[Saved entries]

lemma lsc_on_ln_Zfree:
  fixes \<Lambda> :: "'a::euclidean_space set" and K :: "'b::first_countable_topology set"
  assumes \<Lambda>: "closed \<Lambda>" "bounded \<Lambda>"
    and usc: "\<And>\<omega>. \<omega> \<in> OmegaT \<Longrightarrow> usc_on K (\<lambda>\<theta>. Ht \<theta> \<omega>)"
    and Ht: "\<And>\<theta>. \<theta> \<in> K \<Longrightarrow> Ht \<theta> \<in> borel_measurable conf_space"
      "\<And>\<theta>. \<theta> \<in> K \<Longrightarrow> AE \<omega> in pois \<Lambda>. Ht \<theta> \<omega> = H \<theta> \<Lambda> \<omega>"
    and fin: "\<And>\<theta>. \<theta> \<in> K \<Longrightarrow> Zfree H \<delta> \<theta> \<Lambda> < \<infinity>"
  shows "lsc_on K (\<lambda>\<theta>. ln (enn2real (Zfree H \<delta> \<theta> \<Lambda>)))"
proof -
  have Zfree: "Zfree H \<delta> \<theta> \<Lambda>
      = (\<integral>\<^sup>+\<omega>. ennreal (exp (- Ht \<theta> \<omega>)) * indicator (OmegaHC \<delta> \<inter> OmegaT) \<omega> \<partial>pois \<Lambda>)"
    if "\<theta> \<in> K" for \<theta>
    by (rule Zfree_eq_nn_integral_OmegaT[where Ht = "Ht \<theta>" and H = H and \<theta> = \<theta>, OF \<Lambda> Ht(2)[OF that]])
  have "lsc_on K (\<lambda>\<theta>. ln (enn2real
      (\<integral>\<^sup>+\<omega>. ennreal (exp (- Ht \<theta> \<omega>)) * indicator (OmegaHC \<delta> \<inter> OmegaT) \<omega> \<partial>pois \<Lambda>)))"
  proof (rule lsc_on_ln_nn_integral_exp)
    show "Ht \<theta> \<in> borel_measurable (pois \<Lambda>)" if "\<theta> \<in> K" for \<theta>
      using Ht(1)[OF that] by (simp add: measurable_cong_sets[OF sets_pois refl])
    show "usc_on K (\<lambda>\<theta>. Ht \<theta> \<omega>)" if "\<omega> \<in> OmegaHC \<delta> \<inter> OmegaT" for \<omega>
      using that by (simp add: usc)
    show "(\<integral>\<^sup>+\<omega>. ennreal (exp (- Ht \<theta> \<omega>)) * indicator (OmegaHC \<delta> \<inter> OmegaT) \<omega> \<partial>pois \<Lambda>) < \<infinity>"
      if "\<theta> \<in> K" for \<theta>
      using fin[OF that] Zfree[OF that] by simp
  qed
  then show ?thesis
    by (rule lsc_on_cong[THEN iffD2, rotated]) (simp add: Zfree)
qed

lemma contrast_attains_INF:
  fixes H :: "'b::topological_space \<Rightarrow> 'a::euclidean_space set \<Rightarrow> 'a set \<Rightarrow> real"
  assumes K: "compact K" "K \<noteq> {}"
    and lsc_Z: "lsc_on K (\<lambda>\<theta>. ln (enn2real (Zfree H \<delta> \<theta> (Lam n))))"
    and lsc_H: "lsc_on K (\<lambda>\<theta>. H \<theta> (Lam n) (\<omega> \<inter> Lam n))"
  shows "\<exists>\<theta>hat\<in>K. contrast H \<delta> \<theta>hat n \<omega> = (INF \<theta>\<in>K. contrast H \<delta> \<theta> n \<omega>)"
proof (cases "min_dist (\<omega> \<inter> Lam n) < \<delta>")
  case True
  then have "contrast H \<delta> \<theta> n \<omega> = \<infinity>" for \<theta>
    by (simp add: contrast_def)
  with K(2) show ?thesis
    by (simp add: ex_in_conv)
next
  case False
  define c where "c \<theta> = ln (enn2real (Zfree H \<delta> \<theta> (Lam n))) / measure lborel (Lam n :: 'a set)
      + H \<theta> (Lam n) (\<omega> \<inter> Lam n) / measure lborel (Lam n :: 'a set)" for \<theta>
  have contrast: "contrast H \<delta> \<theta> n \<omega> = ereal (c \<theta>)" for \<theta>
    using False by (simp add: contrast_def c_def)
  have "lsc_on K c"
    unfolding c_def by (intro lsc_on_add lsc_on_divide lsc_Z lsc_H measure_nonneg)
  then obtain \<theta>hat where \<theta>hat: "\<theta>hat \<in> K" and min: "\<And>\<theta>. \<theta> \<in> K \<Longrightarrow> c \<theta>hat \<le> c \<theta>"
    using lsc_on_attains_inf[OF K] by blast
  have "ereal (c \<theta>hat) = (INF \<theta>\<in>K. ereal (c \<theta>))"
    by (rule antisym[OF INF_greatest INF_lower[OF \<theta>hat]]) (simp add: min)
  with \<theta>hat show ?thesis
    unfolding contrast by blast
qed

theorem lemma2:
  fixes H :: "'b::euclidean_space \<Rightarrow> 'a::euclidean_space set \<Rightarrow> 'a set \<Rightarrow> real"
    and \<Theta> K :: "'b set"
    and dmin dmax dstar :: ereal
    and \<theta>star :: 'b
    and P :: "'a set measure"
    and \<omega>star :: "'a set"
  assumes I: "0 \<le> dmin" "dmin \<le> dmax"
    and Theta: "\<Theta> \<noteq> {}" "K \<subseteq> \<Theta>" "compact K" "K \<noteq> {}"
    and energy: "energy_family \<Theta> H"
    and Existence: "\<forall>\<delta>\<in>{dmin..dmax}. \<forall>\<theta>\<in>\<Theta>.
        (\<forall>\<Lambda> \<omega>. bounded_borel \<Lambda> \<longrightarrow> \<omega> \<in> OmegaHC \<delta> \<inter> OmegaT \<longrightarrow>
             Zcond H \<delta> \<theta> \<Lambda> \<omega> < \<infinity>) \<and> gibbs H \<delta> \<theta> \<noteq> {}"
    and Argmax: "\<forall>n::nat. n \<ge> 1 \<longrightarrow>
        (\<forall>\<omega>\<in>OmegaT. lsc_on K (\<lambda>\<theta>. H \<theta> (Lam n) (\<omega> \<inter> Lam n))) \<and>
        (\<exists>Ht :: 'b \<Rightarrow> 'a set \<Rightarrow> real.
            (\<forall>\<omega>\<in>OmegaT. usc_on K (\<lambda>\<theta>. Ht \<theta> \<omega>)) \<and>
            (\<forall>\<theta>\<in>K. Ht \<theta> \<in> borel_measurable conf_space \<and>
                 (AE \<omega> in pois (Lam n). Ht \<theta> \<omega> = H \<theta> (Lam n) \<omega>)))"
    and truth: "dstar \<in> {dmin..dmax}" "\<theta>star \<in> \<Theta>" "P \<in> gibbs H dstar \<theta>star"
    and realization: "\<omega>star \<in> OmegaHC dstar \<inter> OmegaT"
  shows "\<forall>n::nat. n \<ge> 1 \<longrightarrow>
     (\<exists>\<theta>hat\<in>K. contrast H (delta_hat dmin dmax n \<omega>star) \<theta>hat n \<omega>star
                = (INF \<theta>\<in>K. contrast H (delta_hat dmin dmax n \<omega>star) \<theta> n \<omega>star))"
proof (intro allI impI)
  fix n :: nat assume n: "1 \<le> n"
  define \<delta> where "\<delta> = delta_hat dmin dmax n \<omega>star"
  have \<delta>: "\<delta> \<in> {dmin..dmax}"
    using I(2) by (auto simp: \<delta>_def delta_hat_def)
  have \<Lambda>: "closed (Lam n :: 'a set)" "bounded (Lam n :: 'a set)" "bounded_borel (Lam n :: 'a set)"
    by (auto simp: Lam_def bounded_borel_def)
  obtain Ht where Ht_usc: "\<forall>\<omega>\<in>OmegaT. usc_on K (\<lambda>\<theta>. Ht \<theta> \<omega>)"
    and Ht: "\<forall>\<theta>\<in>K. Ht \<theta> \<in> borel_measurable conf_space \<and> (AE \<omega> in pois (Lam n). Ht \<theta> \<omega> = H \<theta> (Lam n) \<omega>)"
    using Argmax n by blast
  have Zfree_finite: "Zfree H \<delta> \<theta> (Lam n) < \<infinity>" if "\<theta> \<in> K" for \<theta>
  proof -
    have "{} \<in> OmegaHC \<delta> \<inter> OmegaT"
      by (simp add: OmegaHC_def finite_imp_OmegaT)
    then have "Zcond H \<delta> \<theta> (Lam n) {} < \<infinity>"
      using Existence \<delta> Theta(2) that \<Lambda>(3) by blast
    then show ?thesis
      by (simp add: Zcond_empty_eq_Zfree)
  qed
  have "lsc_on K (\<lambda>\<theta>. ln (enn2real (Zfree H \<delta> \<theta> (Lam n))))"
    by (rule lsc_on_ln_Zfree[where Ht = Ht, OF \<Lambda>(1,2)])
      (use Ht_usc Ht Zfree_finite in \<open>auto simp: infinity_ennreal_def\<close>)
  moreover have "lsc_on K (\<lambda>\<theta>. H \<theta> (Lam n) (\<omega>star \<inter> Lam n))"
    using Argmax n realization by blast
  ultimately have "\<exists>\<theta>hat\<in>K. contrast H \<delta> \<theta>hat n \<omega>star = (INF \<theta>\<in>K. contrast H \<delta> \<theta> n \<omega>star)"
    by (rule contrast_attains_INF[OF Theta(3,4)])
  then show "\<exists>\<theta>hat\<in>K. contrast H (delta_hat dmin dmax n \<omega>star) \<theta>hat n \<omega>star
      = (INF \<theta>\<in>K. contrast H (delta_hat dmin dmax n \<omega>star) \<theta> n \<omega>star)"
    unfolding \<delta>_def .
qed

_PROBLEM DESCRIPTION_.
Restate word for word the lines above, beginning at the first one and ending at the line that carries "K \<Longrightarrow> Ht".

_SOLUTION_.
lemma lsc_on_ln_Zfree:
  fixes \<Lambda> :: "'a::euclidean_space set" and K :: "'b::first_countable_topology set"
  assumes \<Lambda>: "closed \<Lambda>" "bounded \<Lambda>"
    and usc: "\<And>\<omega>. \<omega> \<in> OmegaT \<Longrightarrow> usc_on K (\<lambda>\<theta>. Ht \<theta> \<omega>)"
    and Ht: "\<And>\<theta>. \<theta> \<in> K \<Longrightarrow> Ht \<theta> \<in> borel_measurable conf_space"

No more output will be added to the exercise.